Anthony Sampson’s account of the above encounter is emblematic of both the substance and the tone of conversations taking shape on the streets of South Africa as the government stages a phenomenal spectacle in the courtroom. Describing the politics of repression at the heart of the treason indictment, counsel for defence captured the essence of the confrontation in terms of competing spectacles – a confrontation between spectacles of repression and resistance.2 It was a cultural representation of a battle of ideas between those who ‘seek equal opportunity for, and freedom of thought and expression by, all persons of all races and creeds’ on the one hand, and ‘those which deny to all but a few the riches of life, both material and spiritual, which the accused aver should be common to all’.3 The first of the many high profile political trials, the spectacle backfired and generated what Sampson described as ‘the oddest paradox’: ‘in the very court where they were being tried for treason, the Congress leaders were able to hold their biggest unbanned meetings for four years’.4 In his memoir, Long Walk to Freedom, Mandela describes the trial’s boomerang effect: ‘Our communal cell became a kind of convention for far-flung freedom fighters. Many of us had been living under severe restrictions, making it illegal for us to meet and talk. Now, our enemy had gathered us all together under one roof for what became the largest and longest unbanned meeting of the Congress Alliance in years.’5


Apartheid’s spectacles of oppression were overtaken by liberatory counter-spectacles. What was orchestrated to produce and generate images and concepts productive to the racist regime were redirected and used by the oppressed as a platform for visibility and hearing: to give account of themselves in their own terms, with their own discourse and dialect.6 As he later noted, ‘By representing myself I would enhance the symbolism of my role’: ‘I would use my trial as a showcase for the ANC’s moral opposition to racism.’7 Instead of defending themselves against the charges, they laid a charge against the system, accusing it of racism, violence, injustice, immorality and illegitimacy; transforming themselves into ‘the subjects of history rather than … impersonal objects of official historical records’.8 An event staged with the sole purpose of squashing resistance against the usurpation of the voice and visibility of the black subject, generated the opposite result: it created a defiant black subjectivity capable of detecting oppressive norms at sites never seen before, a subject that finally apprehended and named Apartheid’s order of representation and its schematics of subjection.
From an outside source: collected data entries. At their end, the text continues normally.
lemma card_tangent_circles:
  assumes "cnj \<mu> = \<mu>" and "\<mu> \<noteq> 0" and "\<mu>^2 \<noteq> 1" and "finite {P. P * cnj P = 1}"
  shows "card (tangent_circle \<mu> ` {P. P * cnj P = 1} \<union> tangent_circle (-\<mu>) ` {P. P * cnj P = 1})
    = 2 * card {P. P * cnj P = 1}"
proof -
  let ?U = "{P. P * cnj P = 1}"
  have touch: "tangent_circle \<nu> P \<inter> circle1 q 0 1 = {Some P}"
    "tangent_circle \<nu> P \<inter> circle1 q 0 (\<mu>^2) = {Some (\<nu> * P)}"
    if "\<nu> \<in> {\<mu>, -\<mu>}" and "P \<in> ?U" for \<nu> P
    using that assms(1) plus_minus_neq_one[OF assms(3) that(1)]
      tangent_circle_Int_circle1_origin[of \<nu> P] by auto
  have inj: "inj_on (tangent_circle \<nu>) ?U" if "\<nu> \<in> {\<mu>, -\<mu>}" for \<nu>
    by (rule inj_onI) (metis touch(1)[OF that] option.inject singleton_inject)
  have "tangent_circle \<mu> ` ?U \<inter> tangent_circle (-\<mu>) ` ?U = {}"
  proof (rule ccontr)
    assume "tangent_circle \<mu> ` ?U \<inter> tangent_circle (-\<mu>) ` ?U \<noteq> {}"
    then obtain P Q where "P \<in> ?U" "Q \<in> ?U" and same: "tangent_circle \<mu> P = tangent_circle (-\<mu>) Q"
      by blast
    then have "P = Q" and "\<mu> * P = - \<mu> * Q"
      using touch[of \<mu> P] touch[of "-\<mu>" Q] by auto
    then have "(2::'a) = 0 \<or> \<mu> = 0 \<or> P = 0"
      by auto
    then show False
      using \<open>P \<in> ?U\<close> assms(2) two_neq_zero by auto
  qed
  then show ?thesis
    using assms(4) inj by (simp add: card_Un_disjoint card_image)
qed

end

lemma quadratic_conjugation_GF:
  fixes p m q :: nat
  assumes p: "prime p" "odd p" and q: "q = p ^ m"
    and card: "card (UNIV :: 'a::{field,finite} set) = q ^ 2"
  shows "quadratic_conjugation q (conjq q :: 'a \<Rightarrow> 'a)"
proof unfold_locales
  have "card (UNIV :: 'a set) = p ^ (m * 2)"
    using card q by (simp add: power_mult)
  then have char: "CHAR('a) = p"
    using CHAR_eq_prime_if_card_power p(1) by blast
  fix x y :: 'a
  show "conjq q (x + y) = conjq q x + conjq q y"
    unfolding conjq_def using freshmans_dream'[of q m x y] char p(1) q by simp
  show "conjq q (conjq q x) = x"
    unfolding conjq_def using power_card_UNIV_eq_self[of x] card
    by (simp add: power_mult[symmetric] power2_eq_square)
  show "(2::'a) \<noteq> 0"
  proof
    assume "(2::'a) = 0"
    then have "p dvd 2"
      using of_nat_eq_0_iff_char_dvd[where ?'a = 'a, of 2] char by simp
    then show False
      using p prime_ge_2_nat[of p] dvd_imp_le[of p 2] by auto
  qed
qed simp

theorem mainTheorem6:
  fixes p m q :: nat and \<mu> :: "'a::{field,finite}"
  assumes "prime p" and "odd p" and "m \<ge> 1" and "q = p ^ m"
    and "card (UNIV :: 'a set) = q ^ 2"
    and "\<mu> \<in> GFq q" and "\<mu> \<noteq> 0" and "\<mu> ^ 2 \<noteq> 1"
  shows "let b = \<mu> ^ 2;
             s = (1 + \<mu>) / 2; c = ((1 - \<mu>) / 2) ^ 2;
             s' = (1 - \<mu>) / 2; c' = ((1 + \<mu>) / 2) ^ 2;
             U = {P. P * conjq q P = 1};
             T = {C \<in> circles q. tangential C (circle1 q 0 1) \<and> tangential C (circle1 q 0 b)}
         in T = {circle1 q (s * P) c | P. P \<in> U} \<union> {circle1 q (s' * P) c' | P. P \<in> U}
            \<and> card T = 2 * (q + 1)
            \<and> (\<forall>P\<in>U. Some P \<in> circle1 q (s * P) c \<and> Some (\<mu> * P) \<in> circle1 q (s * P) c
                     \<and> Some P \<in> circle1 q (s' * P) c' \<and> Some (- \<mu> * P) \<in> circle1 q (s' * P) c')"
proof -
  interpret quadratic_conjugation q "conjq q :: 'a \<Rightarrow> 'a"
    using quadratic_conjugation_GF assms(1,2,4,5) .
  let ?U = "{P :: 'a. P * conjq q P = 1}"
  have "q > 1"
    using one_less_power[OF prime_gt_1_nat[OF assms(1)], of m] assms(3,4) by simp
  then have card_U: "card ?U = q + 1"
    using card_norm_eq_one[OF assms(5)] by (simp add: conjq_def)
  have \<mu>: "conjq q \<mu> = \<mu>"
    using assms(6) by (simp add: GFq_iff_cnj)
  have families: "circle1 q ((1 + \<mu>) / 2 * P) (((1 - \<mu>) / 2)^2) = tangent_circle \<mu> P"
    "circle1 q ((1 - \<mu>) / 2 * P) (((1 + \<mu>) / 2)^2) = tangent_circle (-\<mu>) P" for P
    by (simp_all add: tangent_circle_def)
  show ?thesis
    unfolding Let_def families setcompr_eq_image
    using tangent_circles_origin_circles_eq[OF \<mu> assms(8)] card_U
      card_tangent_circles[OF \<mu> assms(7,8) finite]
      Some_in_tangent_circle[OF \<mu>] Some_in_tangent_circle[of "-\<mu>"] \<mu>
    by auto
qed

end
This chapter will examine the significance of Mandela’s courtroom performances of resistance in illuminating our understanding of the constitutive and regulative conditions that sustained Apartheid. Much of the emphasis will be on Mandela’s appropriation of his speaking position and the conditions of possibility immanent in the trial. By identifying a few scenes from the Incitement Trial (1962), I will offer a historicist (genealogical and performative) reading of Mandela’s understanding and approach to the law, focusing on the objections he raises and the moves he makes between different analytic registers.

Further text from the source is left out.